[Collected data entries]
────
lemma expand_index_partition:
  assumes L: "ordered_partition C L" and "cprec s L"
  shows "expand_partition s (index_partition s L) = L"
proof -
  have "blocks_union s (block_indices s (fst q)) = fst q" if q: "q \<in> set L" for q
  proof
    show "blocks_union s (block_indices s (fst q)) \<subseteq> fst q"
      by (auto simp: blocks_union_def block_indices_def)
  next
    show "fst q \<subseteq> blocks_union s (block_indices s (fst q))"
    proof
      fix x
      assume x: "x \<in> fst q"
      then obtain p where p: "p \<in> set s" "x \<in> fst p"
        using ordered_partitionD(2)[OF L q] ordered_partition_cover[OF s] by blast
      then obtain q' where "q' \<in> set L" "fst p \<subseteq> fst q'"
        using \<open>cprec s L\<close> by (auto simp: cprec_iff)
      then have "fst p \<subseteq> fst q"
        using ordered_partition_block_eq[OF L _ q] p x by blast
      moreover obtain i where "i < length s" "p = s ! i"
        using p(1) by (auto simp: in_set_conv_nth)
      ultimately show "x \<in> blocks_union s (block_indices s (fst q))"
        using p(2) by (auto simp: blocks_union_def block_indices_def)
    qed
  qed
  then show ?thesis
    unfolding index_partition_def expand_partition_def map_map by (intro map_idI) auto
qed

end

lemma expand_mem_cinterval_iff:
  assumes "finite C" "s \<in> colored_partitions C c" and M: "\<forall>p\<in>set M. fst p \<subseteq> {..<length s}"
  shows "expand_partition s M \<in> cinterval C c s [(C, d)] \<longleftrightarrow> M \<in> Yint (map snd s) d"
proof -
  have s: "ordered_partition C s"
    using assms colored_partitions_iff by blast
  let ?E = "expand_partition s"
  have "?E M \<in> cinterval C c s [(C, d)] \<longleftrightarrow> ordered_partition C (?E M) \<and>
      cprec (?E (zero_part (map snd s))) (?E M) \<and> cprec (?E M) (?E (one_part (map snd s) d))"
    unfolding cinterval_eq[OF assms(1,2)] expand_zero_part[OF s] expand_one_part[OF s] by simp
  also have "\<dots> \<longleftrightarrow> M \<in> Yint (map snd s) d"
  proof -
    have "\<forall>p\<in>set (zero_part (map snd s)). fst p \<subseteq> {..<length s}"
      "\<forall>p\<in>set (one_part (map snd s) d). fst p \<subseteq> {..<length s}"
      by (auto simp: zero_part_def one_part_def)
    then show ?thesis
      using M by (simp add: Yint_eq cprec_expand_iff[OF s] ordered_partition_expand_iff[OF s])
  qed
  finally show ?thesis .
qed
(* Let $A$ be a real $N\times N$ matrix with $\rho(|A|)<1$, let $L\ge1$, and let $\mathcal{B}$ be a finite family of subsets of $\{1,\dots,N\}$ such that (1) every orbit $\ell$ of $A$ with $|\ell|<L$ is covered by some $B\in\mathcal{B}$, and (2) $B,B'\in\mathcal{B}$ implies $B\cap B'\in\mathcal{B}$. With $Z(A)=\det(I-A)^{-1}$ and $Z_{\mathcal{B}}=\prod_{B\in\mathcal{B}}\big(\det(I-A_B)^{-1}\big)^{w_B}$ as in the context, $$\frac1N\left|\log\frac{Z_{\mathcal{B}}}{Z(A)}\right|\le\frac{\rho(|A|)^L}{L\,(1-\rho(|A|))}.$$
   Context: $|A|$ is the entrywise absolute value and $\rho$ the spectral radius. Walks of $A$: sequences $(w_0,\dots,w_m)$ of indices with $A_{w_tw_{t+1}}\neq0$; closed if $m\ge1$ and $w_0=w_m$; primitive if not a $k$-fold concatenation ($k\ge2$) of a shorter closed walk. An orbit is an equivalence class of closed primitive walks under cyclic shifts, of length $|\ell|$ equal to that of a representative. An orbit is covered by $B$ if all its vertices lie in $B$. $A_B$ is the principal submatrix of $A$ on $B$ (with $\det(I-A_\emptyset)=1$). Block weights: $w_B=1$ if $B$ is maximal in $\mathcal{B}$, and otherwise $w_B=1-\sum_{B'\in\mathcal{B},\,B'\supsetneq B}w_{B'}$. *)

theory Defs
  imports "Jordan_Normal_Form.Spectral_Radius" "Jordan_Normal_Form.DL_Submatrix"
begin

text \<open>Indices are 0,...,N-1 (instead of 1,...,N). A walk (w_0,...,w_m) is a list.\<close>

definition walk :: "real mat \<Rightarrow> nat list \<Rightarrow> bool" where
  "walk A w \<longleftrightarrow> w \<noteq> [] \<and> (\<forall>x\<in>set w. x < dim_row A) \<and>
     (\<forall>t. Suc t < length w \<longrightarrow> A $$ (w ! t, w ! Suc t) \<noteq> 0)"

definition closed_walk :: "real mat \<Rightarrow> nat list \<Rightarrow> bool" where
  "closed_walk A w \<longleftrightarrow> walk A w \<and> length w \<ge> 2 \<and> hd w = last w"

definition walk_length :: "nat list \<Rightarrow> nat" where
  "walk_length w = length w - 1"

text \<open>k-fold concatenation of a closed walk c (consecutive copies share the endpoint)\<close>
definition walk_power :: "nat list \<Rightarrow> nat \<Rightarrow> nat list" where
  "walk_power c k = c @ concat (replicate (k - 1) (tl c))"

definition primitive_closed_walk :: "real mat \<Rightarrow> nat list \<Rightarrow> bool" where
  "primitive_closed_walk A w \<longleftrightarrow> closed_walk A w \<and>
     \<not> (\<exists>c k. k \<ge> 2 \<and> closed_walk A c \<and> walk_length c < walk_length w \<and> w = walk_power c k)"

definition cyclic_shift :: "nat list \<Rightarrow> nat list" where
  "cyclic_shift w = tl w @ [hd (tl w)]"

definition orbit_of :: "nat list \<Rightarrow> nat list set" where
  "orbit_of w = {(cyclic_shift ^^ k) w | k. True}"

definition orbits :: "real mat \<Rightarrow> nat list set set" where
  "orbits A = {orbit_of w | w. primitive_closed_walk A w}"

definition orbit_length :: "nat list set \<Rightarrow> nat" where
  "orbit_length l = walk_length (SOME w. w \<in> l)"

definition covered_by :: "nat list set \<Rightarrow> nat set \<Rightarrow> bool" where
  "covered_by l B \<longleftrightarrow> (\<forall>w\<in>l. set w \<subseteq> B)"

definition abs_mat :: "real mat \<Rightarrow> real mat" where
  "abs_mat A = map_mat abs A"

definition rho :: "real mat \<Rightarrow> real" where
  "rho A = spectral_radius (map_mat complex_of_real A)"

definition principal_submatrix :: "real mat \<Rightarrow> nat set \<Rightarrow> real mat" where
  "principal_submatrix A B = submatrix A B B"

definition det_I_minus :: "real mat \<Rightarrow> real" where
  "det_I_minus M = det (1\<^sub>m (dim_row M) - M)"

function block_weight :: "nat set set \<Rightarrow> nat set \<Rightarrow> real" where
  "block_weight \<B> B =
     (if finite \<B> \<and> (\<forall>B'\<in>\<B>. finite B')
      then 1 - (\<Sum>B'\<in>{B'\<in>\<B>. B \<subset> B'}. block_weight \<B> B')
      else 0)"
  by auto
termination
proof (relation "measure (\<lambda>(\<B>, B). card (\<Union>\<B> - B))")
  show "wf (measure (\<lambda>(\<B>, B). card (\<Union>\<B> - B)))" by simp
next
  fix \<B> :: "nat set set" and B B' :: "nat set"
  assume h: "finite \<B> \<and> (\<forall>B'\<in>\<B>. finite B')" and b: "B' \<in> {B' \<in> \<B>. B \<subset> B'}"
  then have fin: "finite (\<Union>\<B>)" by auto
  from b have "B' \<in> \<B>" "B \<subset> B'" by auto
  then have "\<Union>\<B> - B' \<subset> \<Union>\<B> - B" by blast
  then have "card (\<Union>\<B> - B') < card (\<Union>\<B> - B)"
    using fin by (meson finite_Diff psubset_card_mono)
  then show "((\<B>, B'), \<B>, B) \<in> measure (\<lambda>(\<B>, B). card (\<Union>\<B> - B))" by simp
qed

definition Z_full :: "real mat \<Rightarrow> real" where
  "Z_full A = inverse (det_I_minus A)"

definition Z_blocks :: "real mat \<Rightarrow> nat set set \<Rightarrow> real" where
  "Z_blocks A \<B> = (\<Prod>B\<in>\<B>. inverse (det_I_minus (principal_submatrix A B)) powr block_weight \<B> B)"

end

theory Submission
  imports Defs "HOL-Analysis.Complex_Transcendental"
begin

text \<open>If the eigenvalues of a real square matrix \<open>M\<close> lie in the open unit disc, then
  \<open>- ln det (I - M) = \<Sum>\<^sub>m tr (M\<^sup>m) / m\<close>, and \<open>tr (M\<^sup>m)\<close> is the total weight of the closed
  index sequences of length \<open>m\<close> in the index set of \<open>M\<close>. Every eigenvalue of a principal
  submatrix \<open>A\<^sub>B\<close> has modulus at most \<open>\<rho>(|A|) < 1\<close>, so
  \<open>ln (Z\<^sub>\<B> / Z(A)) = \<Sum>\<^sub>m (1/m) \<Sum>\<^sub>w wt(w) (c(w) - 1)\<close>, where \<open>c(w)\<close> is the total weight
  of the blocks containing all vertices of \<open>w\<close>. Since \<open>\<B>\<close> is closed under intersection,
  \<open>c(w)\<close> is 1 if some block contains \<open>w\<close> and 0 otherwise; and a closed walk of length less
  than \<open>L\<close> is a power of a primitive one, hence covered. So only the terms with \<open>m \<ge> L\<close>
  survive, each bounded by \<open>tr (|A|\<^sup>m) / L \<le> N \<rho>(|A|)\<^sup>m / L\<close>, and the geometric tail
  gives the bound.\<close>

section \<open>Traces and the logarithm of \<open>det (I - M)\<close>\<close>

definition trace :: "'a::comm_ring_1 mat \<Rightarrow> 'a" where
  "trace M = (\<Sum>i<dim_row M. M $$ (i, i))"

lemma trace_mult_comm:
  assumes "A \<in> carrier_mat n m" "B \<in> carrier_mat m n"
  shows "trace (A * B) = trace (B * A)"
proof -
  have "trace (A * B) = (\<Sum>i<n. \<Sum>k<m. A $$ (i, k) * B $$ (k, i))"
    using assms unfolding trace_def by (auto simp: scalar_prod_def lessThan_atLeast0 intro!: sum.cong)
  also have "\<dots> = (\<Sum>k<m. \<Sum>i<n. B $$ (k, i) * A $$ (i, k))"
    by (subst sum.swap) (simp add: mult.commute)
  also have "\<dots> = trace (B * A)"
    using assms unfolding trace_def by (auto simp: scalar_prod_def lessThan_atLeast0 intro!: sum.cong)
  finally show ?thesis .
qed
────
## Task directions
Tally the lines in these entries that have the string "lemma" in them, then answer with the count and nothing else.

## Output for this task
3